In the wake of discussing how important art is for kids in Why Is Art Important? My Year in the Classroom, here is a chance to introduce your kids to art and have fun at home without needing to do any research. Bonus: You probably have most – or all – of the materials in your house already.

Colors are a big part of art, specifically painting. The color wheel is a fun place to start, and then you can branch out to a Seurat project. All you need is paper and a coloring utensil … crayons, paint, or my favorite: cookies and frosting.

Create a Color Wheel

Start by coloring the three primary colors red, blue, and yellow in a triangle on a blank piece of paper. If you want to make it even more fun, use circle cookies like Nilla Wafers and color white frosting with primary food coloring.

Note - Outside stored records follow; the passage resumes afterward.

theorem mainTheorem2:
  fixes n :: nat and a :: "nat \<Rightarrow> real" and c :: "nat \<Rightarrow> complex"
    and hbar \<alpha> g0 lam :: real and \<psi>Pr \<Phi>Po :: "real \<Rightarrow> complex"
  assumes nondeg: "inj_on a {..<n}"
    and hbar: "hbar > 0" and alpha: "\<alpha> > 0" and g0: "g0 > 0" and lam: "lam > 0"
    and psi: "normalized_L2 \<psi>Pr" and Phi: "normalized_L2 \<Phi>Po"
  shows
   "(\<forall>\<kappa>0 > 0. momentum_limited hbar \<kappa>0 \<psi>Pr \<longrightarrow>
       (\<forall>k<n. \<forall>l<n. \<forall>t. k \<noteq> l \<and> t > 2 * \<kappa>0 * hbar / (\<alpha> * g0 * min_gap n a) \<longrightarrow>
          decoh hbar \<alpha> g0 lam \<psi>Pr \<Phi>Po a k l t = 0 \<and> rho_S hbar \<alpha> g0 lam \<psi>Pr \<Phi>Po a c t k l = 0))
  \<and> (\<forall>b0 > 0. momentum_limited hbar b0 \<Phi>Po \<and> lam > 2 * b0 * hbar / min_gap n a \<longrightarrow>
       (\<forall>k<n. \<forall>l<n. \<forall>t > 0. k \<noteq> l \<longrightarrow>
          decoh hbar \<alpha> g0 lam \<psi>Pr \<Phi>Po a k l t = 0 \<and> rho_S hbar \<alpha> g0 lam \<psi>Pr \<Phi>Po a c t k l = 0))"
proof (rule conjI; intro allI impI; elim conjE)
  fix \<kappa>0 t :: real and k l :: nat
  assume "momentum_limited hbar \<kappa>0 \<psi>Pr" "k < n" "l < n" "k \<noteq> l"
    and "t > 2 * \<kappa>0 * hbar / (\<alpha> * g0 * min_gap n a)"
  then have "2 * \<kappa>0 < \<bar>\<alpha> * g0 * t / hbar * (a k - a l)\<bar>"
    using alpha g0 by (intro min_gap_frequency_gt[OF nondeg _ _ _ hbar]) auto
  then have "(LINT q|lborel. cis (- (\<alpha> * g0 * t / hbar * (a k - a l)) * q)
      * complex_of_real ((cmod (\<psi>Pr q))\<^sup>2)) = 0"
    using \<open>momentum_limited hbar \<kappa>0 \<psi>Pr\<close> psi
    by (intro momentum_limited_intensity_fourier_eq_0[OF hbar]) (auto simp: normalized_L2_def)
  then show "decoh hbar \<alpha> g0 lam \<psi>Pr \<Phi>Po a k l t = 0 \<and> rho_S hbar \<alpha> g0 lam \<psi>Pr \<Phi>Po a c t k l = 0"
    using \<open>k \<noteq> l\<close> by (simp add: decoh_def rho_S_def mult_ac)
next
  fix b0 t :: real and k l :: nat
  assume "momentum_limited hbar b0 \<Phi>Po" "lam > 2 * b0 * hbar / min_gap n a"
    and "k < n" "l < n" "k \<noteq> l"
  then have "2 * b0 < \<bar>lam / hbar * (a k - a l)\<bar>"
    using min_gap_frequency_gt[OF nondeg _ _ _ hbar zero_less_one, of k l b0 lam] by simp
  then have "(LINT b|lborel. cis (- (lam / hbar * (a k - a l)) * b)
      * complex_of_real ((cmod (\<Phi>Po b))\<^sup>2)) = 0"
    using \<open>momentum_limited hbar b0 \<Phi>Po\<close> Phi
    by (intro momentum_limited_intensity_fourier_eq_0[OF hbar]) (auto simp: normalized_L2_def)
  then show "decoh hbar \<alpha> g0 lam \<psi>Pr \<Phi>Po a k l t = 0 \<and> rho_S hbar \<alpha> g0 lam \<psi>Pr \<Phi>Po a c t k l = 0"
    using \<open>k \<noteq> l\<close> by (simp add: decoh_def rho_S_def mult_ac)
qed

Next, in the spaces between each primary, lightly color both of those primaries on top of each other. Combine the blue and yellow to make green, the red and yellow to make orange, and so on. This creates the secondary colors.


If you would like, you can combine those primary and secondary colors to complete the color wheel.

The Artist

The artist Georges Seurat, who live from 1859-1891, approached art as a science in a style known as Post-Impressionism. He devised the painting techniques known as chromoluminarism and pointillism. These techniques stem from the idea that the brain would experience the colors more vibrantly if it mixed the colors itself. So, he used small dots of the colors he needed to create what he wanted and put them very close together rather than mixing them. Up close, your brain can make out the dots. But from a distance, they blend into the desire color.

The Project

To recreate this method, you will need paper, paint, Q-tips, and a pencil. Draw a picture using pencil then use Q-tips or the tip of a paint brush to make dots that overlap. Use only the primary colors as well as white and black to create what you need.  For example, dot red next to blue to create purple from afar.


When we worked on this project in class, the kids had a difficult time with the idea that their paper didn’t show the color they wanted from close-up. It helped to have to hold their papers up from across the room. They were amazed at how the colors really to blend. This example shows a project from a little girl who felt sure her work would be terrible. Up close her tree shows all the primary colors, but from far away it looked green and brown, just like the tree she wanted.